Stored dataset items

»»

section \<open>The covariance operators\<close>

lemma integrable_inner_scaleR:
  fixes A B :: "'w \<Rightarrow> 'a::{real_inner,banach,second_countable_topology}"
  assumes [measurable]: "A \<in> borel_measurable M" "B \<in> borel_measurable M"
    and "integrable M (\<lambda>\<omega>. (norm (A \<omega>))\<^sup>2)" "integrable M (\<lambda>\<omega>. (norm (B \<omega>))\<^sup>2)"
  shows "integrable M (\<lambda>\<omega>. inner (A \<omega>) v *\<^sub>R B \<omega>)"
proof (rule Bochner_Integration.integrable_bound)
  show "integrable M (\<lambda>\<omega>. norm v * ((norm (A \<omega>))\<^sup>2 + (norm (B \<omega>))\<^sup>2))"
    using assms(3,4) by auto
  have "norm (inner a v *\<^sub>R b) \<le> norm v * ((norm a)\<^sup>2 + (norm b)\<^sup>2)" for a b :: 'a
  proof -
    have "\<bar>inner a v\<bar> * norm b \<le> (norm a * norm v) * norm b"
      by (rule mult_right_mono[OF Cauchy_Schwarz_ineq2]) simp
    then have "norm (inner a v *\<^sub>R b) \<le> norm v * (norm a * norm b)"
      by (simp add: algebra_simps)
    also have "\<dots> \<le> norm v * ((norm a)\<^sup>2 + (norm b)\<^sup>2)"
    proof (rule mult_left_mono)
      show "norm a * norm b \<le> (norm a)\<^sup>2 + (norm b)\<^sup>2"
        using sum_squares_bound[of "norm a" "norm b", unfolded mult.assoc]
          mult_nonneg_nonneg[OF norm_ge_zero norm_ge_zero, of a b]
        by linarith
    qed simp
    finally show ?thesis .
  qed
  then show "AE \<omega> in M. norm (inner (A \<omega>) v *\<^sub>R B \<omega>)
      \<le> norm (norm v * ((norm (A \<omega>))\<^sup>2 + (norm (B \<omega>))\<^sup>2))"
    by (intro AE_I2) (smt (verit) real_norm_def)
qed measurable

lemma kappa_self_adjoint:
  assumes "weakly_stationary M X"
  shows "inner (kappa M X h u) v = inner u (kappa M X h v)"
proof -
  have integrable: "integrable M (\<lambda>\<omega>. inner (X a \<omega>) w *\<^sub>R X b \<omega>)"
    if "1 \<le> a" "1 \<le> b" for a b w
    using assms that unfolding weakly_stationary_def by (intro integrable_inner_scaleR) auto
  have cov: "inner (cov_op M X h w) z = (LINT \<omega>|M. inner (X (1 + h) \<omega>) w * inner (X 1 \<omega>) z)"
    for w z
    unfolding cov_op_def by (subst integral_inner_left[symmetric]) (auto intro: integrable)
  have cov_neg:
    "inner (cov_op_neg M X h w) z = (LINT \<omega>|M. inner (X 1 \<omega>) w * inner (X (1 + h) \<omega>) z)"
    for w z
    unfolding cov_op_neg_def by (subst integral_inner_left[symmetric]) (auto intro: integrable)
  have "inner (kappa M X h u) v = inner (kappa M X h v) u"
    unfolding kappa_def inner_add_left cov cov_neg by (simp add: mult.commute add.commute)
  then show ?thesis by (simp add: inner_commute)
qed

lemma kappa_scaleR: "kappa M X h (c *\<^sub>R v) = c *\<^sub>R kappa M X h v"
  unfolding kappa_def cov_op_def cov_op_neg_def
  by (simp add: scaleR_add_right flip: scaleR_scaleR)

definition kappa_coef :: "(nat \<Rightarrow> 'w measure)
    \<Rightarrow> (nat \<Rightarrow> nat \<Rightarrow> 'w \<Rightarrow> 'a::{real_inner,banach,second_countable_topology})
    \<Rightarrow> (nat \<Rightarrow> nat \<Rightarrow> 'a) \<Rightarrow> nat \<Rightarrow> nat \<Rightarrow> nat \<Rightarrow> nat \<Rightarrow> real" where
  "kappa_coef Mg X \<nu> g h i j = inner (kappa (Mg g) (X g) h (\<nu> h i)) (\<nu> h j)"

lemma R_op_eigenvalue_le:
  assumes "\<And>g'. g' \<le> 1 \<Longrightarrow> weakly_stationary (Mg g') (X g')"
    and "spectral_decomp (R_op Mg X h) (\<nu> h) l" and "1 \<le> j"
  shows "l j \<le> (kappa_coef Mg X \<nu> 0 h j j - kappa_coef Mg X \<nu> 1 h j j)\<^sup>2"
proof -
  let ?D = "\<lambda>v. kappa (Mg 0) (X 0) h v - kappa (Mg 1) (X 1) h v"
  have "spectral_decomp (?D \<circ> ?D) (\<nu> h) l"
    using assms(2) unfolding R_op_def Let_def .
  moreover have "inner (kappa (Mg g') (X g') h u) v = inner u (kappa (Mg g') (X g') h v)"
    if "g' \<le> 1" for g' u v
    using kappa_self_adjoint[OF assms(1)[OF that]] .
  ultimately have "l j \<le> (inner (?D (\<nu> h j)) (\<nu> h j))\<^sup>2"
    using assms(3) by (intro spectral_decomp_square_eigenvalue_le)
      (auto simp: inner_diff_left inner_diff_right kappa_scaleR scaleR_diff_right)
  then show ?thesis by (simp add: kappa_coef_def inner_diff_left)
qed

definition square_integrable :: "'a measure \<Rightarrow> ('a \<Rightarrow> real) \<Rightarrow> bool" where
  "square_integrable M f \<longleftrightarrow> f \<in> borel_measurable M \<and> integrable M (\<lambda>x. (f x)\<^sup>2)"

««
»»

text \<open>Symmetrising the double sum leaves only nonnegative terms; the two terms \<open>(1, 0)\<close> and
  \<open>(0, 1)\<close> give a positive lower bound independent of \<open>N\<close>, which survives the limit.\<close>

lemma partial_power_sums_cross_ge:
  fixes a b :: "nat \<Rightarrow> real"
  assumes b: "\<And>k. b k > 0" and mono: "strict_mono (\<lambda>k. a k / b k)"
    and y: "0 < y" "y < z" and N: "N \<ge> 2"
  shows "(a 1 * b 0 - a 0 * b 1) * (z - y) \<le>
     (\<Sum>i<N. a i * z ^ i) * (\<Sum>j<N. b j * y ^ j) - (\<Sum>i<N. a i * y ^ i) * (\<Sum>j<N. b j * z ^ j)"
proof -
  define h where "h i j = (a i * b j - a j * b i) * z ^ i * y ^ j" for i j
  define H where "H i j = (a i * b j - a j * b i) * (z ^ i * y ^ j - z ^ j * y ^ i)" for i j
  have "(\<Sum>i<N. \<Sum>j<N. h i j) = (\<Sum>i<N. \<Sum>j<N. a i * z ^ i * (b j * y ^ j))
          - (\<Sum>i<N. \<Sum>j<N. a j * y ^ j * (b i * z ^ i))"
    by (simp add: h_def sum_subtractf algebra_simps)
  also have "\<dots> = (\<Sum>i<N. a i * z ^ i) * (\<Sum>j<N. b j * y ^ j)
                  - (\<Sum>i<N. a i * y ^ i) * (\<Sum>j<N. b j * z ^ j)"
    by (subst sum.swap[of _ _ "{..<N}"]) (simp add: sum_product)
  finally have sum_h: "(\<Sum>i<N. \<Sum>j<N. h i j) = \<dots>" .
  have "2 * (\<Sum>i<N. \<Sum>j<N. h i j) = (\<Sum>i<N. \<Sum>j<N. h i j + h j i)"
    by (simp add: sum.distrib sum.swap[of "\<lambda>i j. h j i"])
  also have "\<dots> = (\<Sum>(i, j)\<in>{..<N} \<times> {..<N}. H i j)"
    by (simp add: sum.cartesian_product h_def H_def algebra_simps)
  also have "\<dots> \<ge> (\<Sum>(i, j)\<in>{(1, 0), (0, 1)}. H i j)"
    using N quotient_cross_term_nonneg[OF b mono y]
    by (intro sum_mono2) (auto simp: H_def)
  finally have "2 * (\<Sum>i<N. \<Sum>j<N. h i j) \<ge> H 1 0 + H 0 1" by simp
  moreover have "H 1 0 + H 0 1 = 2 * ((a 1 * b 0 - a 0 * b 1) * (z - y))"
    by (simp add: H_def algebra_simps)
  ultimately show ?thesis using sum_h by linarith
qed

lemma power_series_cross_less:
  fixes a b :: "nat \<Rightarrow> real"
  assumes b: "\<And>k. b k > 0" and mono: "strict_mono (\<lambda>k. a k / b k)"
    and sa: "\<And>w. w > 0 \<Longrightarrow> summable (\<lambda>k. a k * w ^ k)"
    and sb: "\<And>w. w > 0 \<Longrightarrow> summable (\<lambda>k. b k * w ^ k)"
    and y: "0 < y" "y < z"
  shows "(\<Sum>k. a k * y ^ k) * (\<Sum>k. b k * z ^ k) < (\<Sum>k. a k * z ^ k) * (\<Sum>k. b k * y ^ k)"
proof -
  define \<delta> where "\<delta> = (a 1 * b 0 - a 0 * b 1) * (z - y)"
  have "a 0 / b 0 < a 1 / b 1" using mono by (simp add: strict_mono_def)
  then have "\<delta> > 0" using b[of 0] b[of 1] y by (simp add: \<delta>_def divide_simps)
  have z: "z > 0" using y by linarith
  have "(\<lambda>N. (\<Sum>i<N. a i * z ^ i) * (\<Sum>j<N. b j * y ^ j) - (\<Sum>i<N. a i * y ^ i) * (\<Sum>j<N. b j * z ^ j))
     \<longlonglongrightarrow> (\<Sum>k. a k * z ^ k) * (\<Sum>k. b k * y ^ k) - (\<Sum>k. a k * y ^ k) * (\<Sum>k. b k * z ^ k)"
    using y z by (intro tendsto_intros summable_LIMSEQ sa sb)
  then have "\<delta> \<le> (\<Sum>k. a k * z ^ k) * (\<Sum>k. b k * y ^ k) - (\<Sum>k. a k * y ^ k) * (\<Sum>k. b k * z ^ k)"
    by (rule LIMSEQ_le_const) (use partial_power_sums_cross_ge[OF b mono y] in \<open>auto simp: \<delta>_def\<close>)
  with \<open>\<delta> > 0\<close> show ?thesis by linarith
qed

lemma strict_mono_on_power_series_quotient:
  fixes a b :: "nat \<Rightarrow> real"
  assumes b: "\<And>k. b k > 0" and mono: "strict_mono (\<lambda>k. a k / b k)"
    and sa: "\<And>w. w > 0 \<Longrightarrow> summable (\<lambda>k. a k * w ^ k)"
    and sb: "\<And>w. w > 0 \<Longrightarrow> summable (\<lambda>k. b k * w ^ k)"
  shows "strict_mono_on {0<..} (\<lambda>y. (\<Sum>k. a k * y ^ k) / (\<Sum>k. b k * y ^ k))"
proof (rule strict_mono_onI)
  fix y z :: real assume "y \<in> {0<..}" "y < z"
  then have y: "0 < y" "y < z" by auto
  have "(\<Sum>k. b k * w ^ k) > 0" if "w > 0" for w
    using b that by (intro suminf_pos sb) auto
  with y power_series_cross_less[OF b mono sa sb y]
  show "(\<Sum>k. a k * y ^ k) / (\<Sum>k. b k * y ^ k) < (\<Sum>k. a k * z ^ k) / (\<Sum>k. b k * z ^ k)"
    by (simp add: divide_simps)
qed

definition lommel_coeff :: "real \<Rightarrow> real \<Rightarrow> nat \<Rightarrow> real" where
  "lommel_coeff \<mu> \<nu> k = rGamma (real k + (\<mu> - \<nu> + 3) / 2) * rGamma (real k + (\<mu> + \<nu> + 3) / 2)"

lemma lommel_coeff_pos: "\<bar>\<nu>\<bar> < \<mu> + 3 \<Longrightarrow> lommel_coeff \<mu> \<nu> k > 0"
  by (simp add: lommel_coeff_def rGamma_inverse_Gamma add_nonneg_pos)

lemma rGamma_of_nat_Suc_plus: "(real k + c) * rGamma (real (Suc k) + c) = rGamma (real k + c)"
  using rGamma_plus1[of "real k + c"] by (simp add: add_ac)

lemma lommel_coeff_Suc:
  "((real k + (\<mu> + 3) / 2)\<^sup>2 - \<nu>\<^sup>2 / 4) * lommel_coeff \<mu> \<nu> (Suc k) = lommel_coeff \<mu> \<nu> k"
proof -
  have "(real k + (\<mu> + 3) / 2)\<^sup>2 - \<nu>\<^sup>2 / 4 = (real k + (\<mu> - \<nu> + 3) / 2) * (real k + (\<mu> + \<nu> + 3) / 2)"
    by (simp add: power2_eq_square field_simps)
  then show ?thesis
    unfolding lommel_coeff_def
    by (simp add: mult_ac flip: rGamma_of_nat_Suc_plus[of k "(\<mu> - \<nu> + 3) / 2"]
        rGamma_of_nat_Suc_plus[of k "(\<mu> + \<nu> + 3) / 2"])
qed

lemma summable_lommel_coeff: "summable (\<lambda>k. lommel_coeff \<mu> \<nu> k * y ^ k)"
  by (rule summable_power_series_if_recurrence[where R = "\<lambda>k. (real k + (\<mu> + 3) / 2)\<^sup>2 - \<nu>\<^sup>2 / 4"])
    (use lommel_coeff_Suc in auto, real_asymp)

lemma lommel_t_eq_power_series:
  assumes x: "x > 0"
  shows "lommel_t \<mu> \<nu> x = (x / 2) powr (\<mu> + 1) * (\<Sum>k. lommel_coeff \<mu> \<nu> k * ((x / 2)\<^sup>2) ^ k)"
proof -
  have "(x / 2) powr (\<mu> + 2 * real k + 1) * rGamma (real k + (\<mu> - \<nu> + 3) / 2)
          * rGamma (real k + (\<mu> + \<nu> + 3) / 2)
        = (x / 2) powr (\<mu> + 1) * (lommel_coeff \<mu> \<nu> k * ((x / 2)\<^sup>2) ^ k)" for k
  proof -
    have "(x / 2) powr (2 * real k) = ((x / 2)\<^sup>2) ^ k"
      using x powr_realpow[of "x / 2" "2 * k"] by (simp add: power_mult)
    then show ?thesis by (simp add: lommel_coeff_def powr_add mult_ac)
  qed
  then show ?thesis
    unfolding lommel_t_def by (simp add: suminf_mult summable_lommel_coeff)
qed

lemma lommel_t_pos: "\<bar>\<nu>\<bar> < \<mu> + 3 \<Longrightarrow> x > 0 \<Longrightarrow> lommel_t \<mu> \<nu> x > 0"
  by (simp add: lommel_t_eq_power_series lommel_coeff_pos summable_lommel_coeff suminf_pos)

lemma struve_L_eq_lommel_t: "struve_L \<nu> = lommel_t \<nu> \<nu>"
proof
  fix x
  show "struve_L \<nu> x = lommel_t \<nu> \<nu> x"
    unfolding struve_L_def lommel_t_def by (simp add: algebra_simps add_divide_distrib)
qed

««

**Exercise details:** Give back the records above exactly, limited to the lines between the one holding "then show ?thesis by (simp add: inner_commute)" and the one holding "using kappa_self_adjoint[OF assms(1)[OF", inclusive.

**Written solution:**
  then show ?thesis by (simp add: inner_commute)
qed

lemma kappa_scaleR: "kappa M X h (c *\<^sub>R v) = c *\<^sub>R kappa M X h v"
  unfolding kappa_def cov_op_def cov_op_neg_def
  by (simp add: scaleR_add_right flip: scaleR_scaleR)

definition kappa_coef :: "(nat \<Rightarrow> 'w measure)
    \<Rightarrow> (nat \<Rightarrow> nat \<Rightarrow> 'w \<Rightarrow> 'a::{real_inner,banach,second_countable_topology})
    \<Rightarrow> (nat \<Rightarrow> nat \<Rightarrow> 'a) \<Rightarrow> nat \<Rightarrow> nat \<Rightarrow> nat \<Rightarrow> nat \<Rightarrow> real" where
  "kappa_coef Mg X \<nu> g h i j = inner (kappa (Mg g) (X g) h (\<nu> h i)) (\<nu> h j)"

lemma R_op_eigenvalue_le:
  assumes "\<And>g'. g' \<le> 1 \<Longrightarrow> weakly_stationary (Mg g') (X g')"
    and "spectral_decomp (R_op Mg X h) (\<nu> h) l" and "1 \<le> j"
  shows "l j \<le> (kappa_coef Mg X \<nu> 0 h j j - kappa_coef Mg X \<nu> 1 h j j)\<^sup>2"
proof -
  let ?D = "\<lambda>v. kappa (Mg 0) (X 0) h v - kappa (Mg 1) (X 1) h v"
  have "spectral_decomp (?D \<circ> ?D) (\<nu> h) l"
    using assms(2) unfolding R_op_def Let_def .
  moreover have "inner (kappa (Mg g') (X g') h u) v = inner u (kappa (Mg g') (X g') h v)"
    if "g' \<le> 1" for g' u v
    using kappa_self_adjoint[OF assms(1)[OF that]] .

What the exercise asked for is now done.